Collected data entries

lemma shifted_powers_fps_Suc:
  "shifted_powers_fps k (Suc n) =
     fps_const (of_int k + 1) * shifted_powers_fps k n + fps_X * fps_deriv (shifted_powers_fps k n)"
  by (rule fps_ext) (auto simp: shifted_powers_fps_def algebra_simps)

lemma eulerian_k_fps_Suc:
  "eulerian_k_fps k (Suc n) =
     fps_const (of_int k + 1) * (1 - fps_X) * eulerian_k_fps k n
     + fps_const (of_nat (Suc n)) * fps_X * eulerian_k_fps k n
     + fps_X * (1 - fps_X) * fps_deriv (eulerian_k_fps k n)" (is "?L = ?R")
proof (rule fps_ext)
  fix i
  show "fps_nth ?L i = fps_nth ?R i"
    by (cases i) (auto simp: eulerian_k_fps_def eulerian_k_eq_0 algebra_simps)
qed

lemma shifted_powers_fps_times_one_minus_X_power:
  "shifted_powers_fps k n * (1 - fps_X) ^ Suc n = eulerian_k_fps k n"
proof (induction n)
  case 0
  show ?case
    by (rule fps_ext) (simp add: shifted_powers_fps_def eulerian_k_fps_def algebra_simps)
next
  case (Suc n)
  define A :: "'a fps" where "A = shifted_powers_fps k n"
  define P :: "'a fps" where "P = eulerian_k_fps k n"
  define D :: "'a fps" where "D = 1 - fps_X"
  have AP: "A * D ^ Suc n = P"
    using Suc by (simp add: A_def P_def D_def)
  have "fps_deriv D = -1"
    by (simp add: D_def)
  then have "fps_deriv P = fps_deriv A * D ^ Suc n - fps_const (of_nat (Suc n)) * A * D ^ n"
    unfolding AP[symmetric]
    by (simp add: fps_deriv_power algebra_simps flip: fps_const_neg del: power_Suc of_nat_Suc)
  then have dAP: "fps_deriv A * D ^ Suc n = fps_deriv P + fps_const (of_nat (Suc n)) * A * D ^ n"
    by (simp add: algebra_simps)
  have "shifted_powers_fps k (Suc n) * D ^ Suc (Suc n)
      = fps_const (of_int k + 1) * D * (A * D ^ Suc n) + fps_X * D * (fps_deriv A * D ^ Suc n)"
    by (simp add: shifted_powers_fps_Suc A_def algebra_simps)
  also have "\<dots> = fps_const (of_int k + 1) * D * P + fps_X * D * fps_deriv P
      + fps_const (of_nat (Suc n)) * fps_X * P"
    unfolding AP dAP by (simp add: AP[symmetric] algebra_simps)
  also have "\<dots> = eulerian_k_fps k (Suc n)"
    by (simp add: eulerian_k_fps_Suc P_def D_def algebra_simps)
  finally show ?case by (simp add: D_def)
qed
theorem lemma7:
  assumes "R \<in> RR"
  shows "nice_set (perp R) \<and> R = seq_arrow (perp R) SN"
proof
  show "nice_set (perp R)"
    unfolding perp_def by (rule nice_set_Union) blast
  obtain X where "nice_set X" and "R = seq_arrow X SN"
    using RR_nice_representation[OF assms] by blast
  then show "R = seq_arrow (perp R) SN"
    by (simp add: seq_arrow_perp)
qed

end
(* Consider the BSSC with parameters $(\alpha,\beta)\in[0,1]^2$, $\alpha+\beta\neq1$, used with feedback and without transmission cost. Let $$\mu=\frac{H(\beta)-H(\alpha)}{1-\alpha-\beta},\qquad\lambda=\frac{1}{1+2^{\mu}},\qquad\nu=\frac{1-(1-\beta)(1+2^{\mu})}{(\alpha+\beta-1)(1+2^{\mu})}.$$ (a) For every $n\ge0$ and every initial state $b_{-1}\in\{0,1\}$, the supremum in $C^{FB,BSSC}_{A^n\to B^n}$ is attained by the time-invariant input distribution $\pi_i(a_i|a^{i-1},b^{i-1})=\pi^{TI}(a_i|b_{i-1})$ for all $i=0,\dots,n$, where $\pi^{TI}(a|b)=\nu$ if $a=b$ and $1-\nu$ if $a\ne b$; the corresponding channel output transition is $\mathbf P(b_i|b^{i-1})=\mathbf P^{TI}(b_i|b_{i-1})$ with $\mathbf P^{TI}(b'|b)=\lambda$ if $b'=b$ and $1-\lambda$ if $b'\ne b$. Moreover $$C^{FB,BSSC}_{A^n\to B^n}=(n+1)\max_{\pi(\cdot|b_{-1})}I(A_0;B_0|B_{-1}=b_{-1})=(n+1)\big[H(\lambda)-\nu H(\alpha)-(1-\nu)H(\beta)\big]\quad\forall b_{-1}\in\{0,1\}.$$ (b) The feedback capacity $C^{FB,BSSC}_{A^\infty\to B^\infty}=\lim_{n\to\infty}\frac1{n+1}C^{FB,BSSC}_{A^n\to B^n}$ equals $H(\lambda)-\nu H(\alpha)-(1-\nu)H(\beta)=\max_{\pi(\cdot|b_{-1})}I(A_0;B_0|B_{-1}=b_{-1})$ for every $b_{-1}$, and is independent of the initial state.
   Context: The Binary State Symmetric Channel BSSC$(\alpha,\beta)$ has $\mathbb A=\mathbb B=\{0,1\}$ and time-invariant transition probabilities $\mathbf P(b_i|a_i,b_{i-1})$ given by $\mathbf P(b_i=a_i|a_i,b_{i-1})=\alpha$ if $a_i=b_{i-1}$ and $\mathbf P(b_i=a_i|a_i,b_{i-1})=\beta$ if $a_i\ne b_{i-1}$ (i.e. $\mathbf P(0|0,0)=\alpha$, $\mathbf P(0|0,1)=\beta$, $\mathbf P(0|1,0)=1-\beta$, $\mathbf P(0|1,1)=1-\alpha$, where the conditioning is on $(a_i,b_{i-1})$). $H(x)=-x\log_2x-(1-x)\log_2(1-x)$ is the binary entropy. With the initial state $B_{-1}=b_{-1}$ fixed and known to encoder and decoder, $C^{FB,BSSC}_{A^n\to B^n}=\sup\sum_{i=0}^nI(A^i;B_i|B^{i-1})$, the supremum over all feedback input distributions $\{\mathbf P(a_i|a^{i-1},b^{i-1})\}_{i=0}^n$. $I(A_0;B_0|B_{-1}=b_{-1})$ is evaluated with $A_0\sim\pi(\cdot|b_{-1})$ and $B_0\sim\mathbf P(\cdot|A_0,b_{-1})$. *)

theory Defs
  imports Complex_Main
begin

text \<open>Binary alphabet {0,1} is represented by bool (False = 0, True = 1).
  Logarithms are base 2, with the convention 0 log 0 = 0.\<close>

definition xlog2 :: "real \<Rightarrow> real" where
  "xlog2 t = (if t = 0 then 0 else t * log 2 t)"

definition Hb :: "real \<Rightarrow> real" where
  "Hb x = - xlog2 x - xlog2 (1 - x)"

definition bssc :: "real \<Rightarrow> real \<Rightarrow> bool \<Rightarrow> bool \<Rightarrow> bool \<Rightarrow> real" where
  "bssc \<alpha> \<beta> a bprev b =
     (if b = a then (if a = bprev then \<alpha> else \<beta>)
      else (if a = bprev then 1 - \<alpha> else 1 - \<beta>))"

text \<open>A feedback input policy: pol i as bs a = P(A_i = a | A^{i-1} = as, B^{i-1} = bs),
  where as, bs have length i.\<close>
type_synonym policy = "nat \<Rightarrow> bool list \<Rightarrow> bool list \<Rightarrow> bool \<Rightarrow> real"

definition valid_policy :: "policy \<Rightarrow> bool" where
  "valid_policy pol \<longleftrightarrow>
     (\<forall>i as bs. length as = i \<and> length bs = i \<longrightarrow>
        (\<forall>a. 0 \<le> pol i as bs a) \<and> pol i as bs True + pol i as bs False = 1)"

definition prevb :: "bool \<Rightarrow> bool list \<Rightarrow> nat \<Rightarrow> bool" where
  "prevb b0 bs j = (if j = 0 then b0 else bs ! (j - 1))"

text \<open>Joint probability P(A^k = as, B^k = bs | B_{-1} = b0), length as = length bs = k+1.\<close>
definition joint :: "real \<Rightarrow> real \<Rightarrow> policy \<Rightarrow> bool \<Rightarrow> bool list \<Rightarrow> bool list \<Rightarrow> real" where
  "joint \<alpha> \<beta> pol b0 as bs =
     (\<Prod>j<length as. pol j (take j as) (take j bs) (as ! j) * bssc \<alpha> \<beta> (as ! j) (prevb b0 bs j) (bs ! j))"

definition blists :: "nat \<Rightarrow> bool list set" where
  "blists k = {xs. length xs = k}"

definition pB :: "real \<Rightarrow> real \<Rightarrow> policy \<Rightarrow> bool \<Rightarrow> bool list \<Rightarrow> real" where
  "pB \<alpha> \<beta> pol b0 bs = (\<Sum>as\<in>blists (length bs). joint \<alpha> \<beta> pol b0 as bs)"

text \<open>Marginal P(A^i = as, B^{i-1} = bs'), length as = i+1, length bs' = i.\<close>
definition pAB' :: "real \<Rightarrow> real \<Rightarrow> policy \<Rightarrow> bool \<Rightarrow> bool list \<Rightarrow> bool list \<Rightarrow> real" where
  "pAB' \<alpha> \<beta> pol b0 as bs' = (\<Sum>b\<in>UNIV. joint \<alpha> \<beta> pol b0 as (bs' @ [b]))"

text \<open>Conditional mutual information I(A^i; B_i | B^{i-1}) given B_{-1} = b0.\<close>
definition cmi :: "real \<Rightarrow> real \<Rightarrow> policy \<Rightarrow> bool \<Rightarrow> nat \<Rightarrow> real" where
  "cmi \<alpha> \<beta> pol b0 i =
     (\<Sum>as\<in>blists (Suc i). \<Sum>bs\<in>blists (Suc i).
        (let p = joint \<alpha> \<beta> pol b0 as bs in
         if p = 0 then 0
         else p * log 2 ((p * pB \<alpha> \<beta> pol b0 (butlast bs)) /
                         (pAB' \<alpha> \<beta> pol b0 as (butlast bs) * pB \<alpha> \<beta> pol b0 bs))))"

definition dirinfo :: "real \<Rightarrow> real \<Rightarrow> policy \<Rightarrow> bool \<Rightarrow> nat \<Rightarrow> real" where
  "dirinfo \<alpha> \<beta> pol b0 n = (\<Sum>i\<le>n. cmi \<alpha> \<beta> pol b0 i)"
lemma mplus_left_commute: "x \<in> mcarrier M \<Longrightarrow> y \<in> mcarrier M \<Longrightarrow> z \<in> mcarrier M \<Longrightarrow>
    mplus M x (mplus M y z) = mplus M y (mplus M x z)"
  by (metis mplus_assoc mplus_commute)

lemma mplus_left_cancel:
  assumes "x \<in> mcarrier M" "y \<in> mcarrier M" "z \<in> mcarrier M" "mplus M x y = mplus M x z"
  shows "y = z"
proof -
  obtain w where w: "w \<in> mcarrier M" "mplus M x w = mzero M" using mneg_exists assms(1) by blast
  have "mplus M w (mplus M x y) = mplus M w (mplus M x z)" using assms(4) by simp
  then show ?thesis using w assms by (metis mplus_assoc mplus_commute mplus_mzero_left)
qed

lemma mplus_idem_imp_mzero: "x \<in> mcarrier M \<Longrightarrow> mplus M x x = x \<Longrightarrow> x = mzero M"
  using mplus_left_cancel[of x x "mzero M"] by simp

lemma msmult_zero [simp]: "x \<in> mcarrier M \<Longrightarrow> msmult M 0 x = mzero M"
  using mplus_idem_imp_mzero[of "msmult M 0 x"] msmult_add[of x 0 0] by simp

lemma msmult_mzero [simp]: "msmult M r (mzero M) = mzero M"
  using mplus_idem_imp_mzero[of "msmult M r (mzero M)"] msmult_mplus[of "mzero M" "mzero M" r] by simp

lemma msmult_minus_cancel: "x \<in> mcarrier M \<Longrightarrow> mplus M (msmult M r x) (msmult M (- r) x) = mzero M"
  by (metis msmult_add msmult_zero right_minus)
(* For every graph $G$ and every integer $\ell\ge 0$, a set $B\subseteq V(G)$ is an $\ell$-leaky forcing set of $G$ if and only if it is a mixed $\ell$-leaky forcing set of $G$. In particular $\operatorname{Z}_{(\ell)}(G)=\operatorname{Z}^m_{(\ell)}(G)$.
   Context: All graphs are finite, simple and undirected. Zero forcing: a blue vertex $u$ with exactly one white neighbor $w$ may force $w$ (color it blue), written $u\to w$. A vertex leak is a vertex not allowed to perform any force; an edge leak is an edge $xy$ across which no force may be performed (neither $x\to y$ nor $y\to x$); a specified leak is an ordered pair $x\to y$ meaning $x$ may not force $y$. $B$ is an $\ell$-leaky forcing set if for every set of at most $\ell$ vertex leaks, exhaustively applying the forcing rule from initial blue set $B$ colors all of $V(G)$ blue; $B$ is a mixed $\ell$-leaky forcing set if the same holds for every set of at most $\ell$ leaks of any mix of the three kinds. $\operatorname{Z}_{(\ell)}(G)$ and $\operatorname{Z}^m_{(\ell)}(G)$ are the minimum sizes of an $\ell$-leaky forcing set and a mixed $\ell$-leaky forcing set, respectively. *)

theory Defs
  imports Main
begin

definition simple_graph :: "'a set \<Rightarrow> ('a \<Rightarrow> 'a \<Rightarrow> bool) \<Rightarrow> bool" where
  "simple_graph V E \<longleftrightarrow> finite V \<and> (\<forall>x y. E x y \<longrightarrow> E y x) \<and> (\<forall>x. \<not> E x x)
     \<and> (\<forall>x y. E x y \<longrightarrow> x \<in> V \<and> y \<in> V)"

text \<open>Final blue set obtained by exhaustively applying the zero forcing rule
from the initial blue set B, where the forces u \<rightarrow> w with (u,w) in F are
forbidden.\<close>
inductive_set fclosure :: "'a set \<Rightarrow> ('a \<Rightarrow> 'a \<Rightarrow> bool) \<Rightarrow> ('a \<times> 'a) set \<Rightarrow> 'a set \<Rightarrow> 'a set"
  for V E F B where
  init: "b \<in> B \<Longrightarrow> b \<in> fclosure V E F B"
| force: "\<lbrakk> u \<in> fclosure V E F B; E u w; (u, w) \<notin> F;
            \<And>x. E u x \<Longrightarrow> x \<noteq> w \<Longrightarrow> x \<in> fclosure V E F B \<rbrakk>
          \<Longrightarrow> w \<in> fclosure V E F B"

datatype 'a leak = VLeak 'a | ELeak 'a 'a | SLeak 'a 'a

definition valid_leak :: "'a set \<Rightarrow> ('a \<Rightarrow> 'a \<Rightarrow> bool) \<Rightarrow> 'a leak \<Rightarrow> bool" where
  "valid_leak V E l = (case l of
      VLeak v \<Rightarrow> v \<in> V
    | ELeak x y \<Rightarrow> E x y
    | SLeak x y \<Rightarrow> E x y)"

fun forbidden :: "'a leak \<Rightarrow> ('a \<times> 'a) set" where
  "forbidden (VLeak v) = {(u, w). u = v}"
| "forbidden (ELeak x y) = {(x, y), (y, x)}"
| "forbidden (SLeak x y) = {(x, y)}"

definition leaky_forcing_set :: "'a set \<Rightarrow> ('a \<Rightarrow> 'a \<Rightarrow> bool) \<Rightarrow> nat \<Rightarrow> 'a set \<Rightarrow> bool" where
  "leaky_forcing_set V E k B \<longleftrightarrow> B \<subseteq> V \<and>
     (\<forall>L. L \<subseteq> V \<and> card L \<le> k \<longrightarrow> fclosure V E {(u, w). u \<in> L} B = V)"

definition mixed_leaky_forcing_set :: "'a set \<Rightarrow> ('a \<Rightarrow> 'a \<Rightarrow> bool) \<Rightarrow> nat \<Rightarrow> 'a set \<Rightarrow> bool" where
  "mixed_leaky_forcing_set V E k B \<longleftrightarrow> B \<subseteq> V \<and>
     (\<forall>L. finite L \<and> card L \<le> k \<and> (\<forall>l\<in>L. valid_leak V E l)
        \<longrightarrow> fclosure V E (\<Union>l\<in>L. forbidden l) B = V)"

definition leaky_Z :: "'a set \<Rightarrow> ('a \<Rightarrow> 'a \<Rightarrow> bool) \<Rightarrow> nat \<Rightarrow> nat" where
  "leaky_Z V E k = (LEAST n. \<exists>B. leaky_forcing_set V E k B \<and> card B = n)"

definition mixed_leaky_Z :: "'a set \<Rightarrow> ('a \<Rightarrow> 'a \<Rightarrow> bool) \<Rightarrow> nat \<Rightarrow> nat" where
  "mixed_leaky_Z V E k = (LEAST n. \<exists>B. mixed_leaky_forcing_set V E k B \<and> card B = n)"

end

theory Submission
  imports Defs
begin

text \<open>A vertex leak is a special mixed leak, so one direction is immediate. Conversely, run
  the forcing process against a set of mixed leaks until it stops at a final blue set C.
  Every leak that actually blocks a force u \<rightarrow> w out of C (u blue, w white) can only do so
  with u as the blue endpoint, and for an edge leak at most one endpoint can be blue and the
  other white. Replacing each leak by a vertex leak at that endpoint yields at most as many
  vertex leaks, and C stays closed under the forces they allow; so if the vertex leaks cannot
  stop B from forcing everything, neither could the mixed leaks.\<close>

lemma fclosure_subset:
  assumes "B \<subseteq> V" and "simple_graph V E"
  shows "fclosure V E F B \<subseteq> V"
proof
  fix x assume "x \<in> fclosure V E F B"
  then show "x \<in> V"
    by induction (use assms in \<open>auto simp: simple_graph_def\<close>)
qed

lemma fclosure_least:
  assumes "B \<subseteq> C"
    and closed: "\<And>u w. u \<in> C \<Longrightarrow> E u w \<Longrightarrow> (u, w) \<notin> F
                   \<Longrightarrow> (\<And>x. E u x \<Longrightarrow> x \<noteq> w \<Longrightarrow> x \<in> C) \<Longrightarrow> w \<in> C"
  shows "fclosure V E F B \<subseteq> C"
proof
  fix x assume "x \<in> fclosure V E F B"
  then show "x \<in> C"
  proof induction
    case (init b)
    then show ?case using assms(1) by blast
  next
    case (force u w)
    show ?case by (rule closed[of u]) (fact force)+
  qed
qed

lemma fclosure_vertex_leaks_subset:
  assumes blocking: "\<And>u w. (u, w) \<in> F \<Longrightarrow> u \<in> fclosure V E F B \<Longrightarrow> w \<notin> fclosure V E F B
                        \<Longrightarrow> u \<in> S"
  shows "fclosure V E {(u, w). u \<in> S} B \<subseteq> fclosure V E F B"
proof (rule fclosure_least)
  show "B \<subseteq> fclosure V E F B" by (auto intro: fclosure.init)
next
  fix u w
  assume u: "u \<in> fclosure V E F B" and "E u w" and "(u, w) \<notin> {(u, w). u \<in> S}"
    and others: "\<And>x. E u x \<Longrightarrow> x \<noteq> w \<Longrightarrow> x \<in> fclosure V E F B"
  show "w \<in> fclosure V E F B"
  proof (cases "(u, w) \<in> F")
    case True
    with u blocking \<open>(u, w) \<notin> {(u, w). u \<in> S}\<close> show ?thesis by blast
  next
    case False
    from u \<open>E u w\<close> this others show ?thesis by (rule fclosure.force)
  qed
qed

text \<open>The vertex leak replacing a leak, relative to the final blue set C.\<close>

fun leak_vertex :: "'a set \<Rightarrow> 'a leak \<Rightarrow> 'a" where
  "leak_vertex C (VLeak v) = v"
| "leak_vertex C (ELeak x y) = (if x \<in> C then x else y)"
| "leak_vertex C (SLeak x y) = x"

lemma leak_vertex_in_V:
  assumes "valid_leak V E l" and "simple_graph V E"
  shows "leak_vertex C l \<in> V"
  using assms by (cases l) (auto simp: valid_leak_def simple_graph_def)

lemma forbidden_blocking_leak_vertex:
  assumes "(u, w) \<in> forbidden l" and "u \<in> C" and "w \<notin> C"
  shows "u = leak_vertex C l"
  using assms by (cases l) auto

lemma leaky_forcing_set_imp_mixed:
  assumes graph: "simple_graph V E" and leaky: "leaky_forcing_set V E k B"
  shows "mixed_leaky_forcing_set V E k B"
  unfolding mixed_leaky_forcing_set_def
proof (intro conjI allI impI)
  show "B \<subseteq> V" using leaky by (simp add: leaky_forcing_set_def)
  fix L :: "'a leak set"
  assume "finite L \<and> card L \<le> k \<and> (\<forall>l\<in>L. valid_leak V E l)"
  then have "finite L" "card L \<le> k" "\<forall>l\<in>L. valid_leak V E l" by auto
  define F where "F = (\<Union>l\<in>L. forbidden l)"
  define C where "C = fclosure V E F B"
  define S where "S = leak_vertex C ` L"
  have "S \<subseteq> V"
    unfolding S_def
    using \<open>\<forall>l\<in>L. valid_leak V E l\<close> by (intro image_subsetI leak_vertex_in_V[OF _ graph]) blast
  moreover have "card S \<le> k"
    unfolding S_def using card_image_le[OF \<open>finite L\<close>] \<open>card L \<le> k\<close> by (rule le_trans)
  ultimately have "fclosure V E {(u, w). u \<in> S} B = V"
    using leaky by (simp add: leaky_forcing_set_def)
  moreover have "fclosure V E {(u, w). u \<in> S} B \<subseteq> C"
    unfolding C_def
  proof (rule fclosure_vertex_leaks_subset)
    fix u w assume "(u, w) \<in> F" and blue: "u \<in> fclosure V E F B" "w \<notin> fclosure V E F B"
    then obtain l where "l \<in> L" "(u, w) \<in> forbidden l" unfolding F_def by blast
    moreover from this(2) blue have "u = leak_vertex C l"
      unfolding C_def by (rule forbidden_blocking_leak_vertex)
    ultimately show "u \<in> S" unfolding S_def by blast
  qed
  moreover have "C \<subseteq> V"
    unfolding C_def using \<open>B \<subseteq> V\<close> graph by (rule fclosure_subset)
  ultimately have "C = V" by blast
  then show "fclosure V E (\<Union>l\<in>L. forbidden l) B = V"
    unfolding C_def F_def .
qed

lemma mixed_leaky_forcing_set_imp_leaky:
  assumes graph: "simple_graph V E" and mixed: "mixed_leaky_forcing_set V E k B"
  shows "leaky_forcing_set V E k B"
  unfolding leaky_forcing_set_def
proof (intro conjI allI impI)
  show "B \<subseteq> V" using mixed by (simp add: mixed_leaky_forcing_set_def)
  fix L assume L: "L \<subseteq> V \<and> card L \<le> k"
  then have "finite L" using graph finite_subset by (auto simp: simple_graph_def)
  then have "card (VLeak ` L) \<le> k" using card_image_le L by (metis le_trans)
  moreover have "\<forall>l\<in>VLeak ` L. valid_leak V E l" using L by (auto simp: valid_leak_def)
  moreover have "(\<Union>l\<in>VLeak ` L. forbidden l) = {(u, w). u \<in> L}" by auto
  ultimately show "fclosure V E {(u, w). u \<in> L} B = V"
    using mixed \<open>finite L\<close> unfolding mixed_leaky_forcing_set_def by auto
qed

theorem corollary4p3:
  fixes V :: "'a set" and E :: "'a \<Rightarrow> 'a \<Rightarrow> bool" and k :: nat
  assumes "simple_graph V E"
  shows "(\<forall>B. leaky_forcing_set V E k B \<longleftrightarrow> mixed_leaky_forcing_set V E k B)
         \<and> leaky_Z V E k = mixed_leaky_Z V E k"
proof -
  have "\<forall>B. leaky_forcing_set V E k B \<longleftrightarrow> mixed_leaky_forcing_set V E k B"
    using leaky_forcing_set_imp_mixed mixed_leaky_forcing_set_imp_leaky assms by blast
  then show ?thesis unfolding leaky_Z_def mixed_leaky_Z_def by simp
qed

end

▶ **Exercise directions**
Count the lines above that contain "this" and reply with the figure alone.

▶ **Your response**
2